Task to carry out >> A single number is the answer: how many lines of the entries contain the word "lemma"?
*** Available records Section Begins ***
definition H_axioms_on :: "'a set \<Rightarrow> ('a \<Rightarrow> 'a \<Rightarrow> bool) \<Rightarrow> bool" where
  "H_axioms_on V r \<longleftrightarrow>
     (\<forall>a\<in>V. \<forall>b\<in>V. r a b \<longrightarrow> r a a)
     \<and> (\<forall>a\<in>V. \<forall>b\<in>V. \<forall>c\<in>V. r a b \<and> r b c \<longrightarrow> r a c)
     \<and> (\<forall>a\<in>V. \<forall>b\<in>V. r a b \<and> r b b \<longrightarrow> r b a)"

abbreviation H_axioms :: "('a \<Rightarrow> 'a \<Rightarrow> bool) \<Rightarrow> bool" where
  "H_axioms \<equiv> H_axioms_on UNIV"

lemma H_axioms_restrict: "H_axioms_on V r \<Longrightarrow> H_axioms (\<lambda>a b. a \<in> V \<and> b \<in> V \<and> r a b)"
  unfolding H_axioms_on_def by blast

definition up_set :: "('a \<Rightarrow> 'a \<Rightarrow> bool) \<Rightarrow> 'a \<Rightarrow> 'a set" where
  "up_set r a = {c. r a c}"

definition set_repr :: "('a \<Rightarrow> 'a \<Rightarrow> bool) \<Rightarrow> 'a \<Rightarrow> ('a set + 'a \<times> bool) set" where
  "set_repr r b = Inl ` {up_set r a | a. r a b}
     \<union> (if r b b then {} else {Inr (b, True), Inr (b, False)})"

lemma set_repr_individual:
  assumes "H_axioms r" and "r c c"
  shows "set_repr r c = {Inl (up_set r c)}"
proof -
  have "up_set r a = up_set r c" if "r a c" for a
  proof -
    have "r c a"
      using assms that unfolding H_axioms_on_def by blast
    then show ?thesis
      using assms that unfolding H_axioms_on_def up_set_def by blast
  qed
  then have "{up_set r a | a. r a c} = {up_set r c}"
    using assms(2) by blast
  then show ?thesis
    using assms(2) by (simp add: set_repr_def)
qed

lemma Inl_mem_set_repr: "Inl u \<in> set_repr r b \<longleftrightarrow> (\<exists>a. r a b \<and> u = up_set r a)"
  by (auto simp: set_repr_def)

lemma singleton_mem_set_repr:
  assumes "H_axioms r"
  shows "singleton_mem (set_repr r c) (set_repr r b) = r c b"
proof (cases "r c c")
  case True
  have "(\<exists>a. r a b \<and> up_set r c = up_set r a) \<longleftrightarrow> r c b"
  proof
    assume "\<exists>a. r a b \<and> up_set r c = up_set r a"
    then obtain a where "r a b" "up_set r c = up_set r a"
      by blast
    then have "r a c" "r a b"
      using True by (auto simp: up_set_def)
    then show "r c b"
      using assms True unfolding H_axioms_on_def by blast
  qed blast
  then show ?thesis
    using set_repr_individual[OF assms True] by (simp add: singleton_mem_def Inl_mem_set_repr)
next
  case False
  then have "Inr (c, True) \<in> set_repr r c" "Inr (c, False) \<in> set_repr r c"
    by (simp_all add: set_repr_def)
  then have "\<not> singleton_mem (set_repr r c) X" for X
    by (auto simp: singleton_mem_def)
  moreover have "\<not> r c b"
    using assms False unfolding H_axioms_on_def by blast
  ultimately show ?thesis by simp
qed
*** Available records Section Ends ***
Result >> 4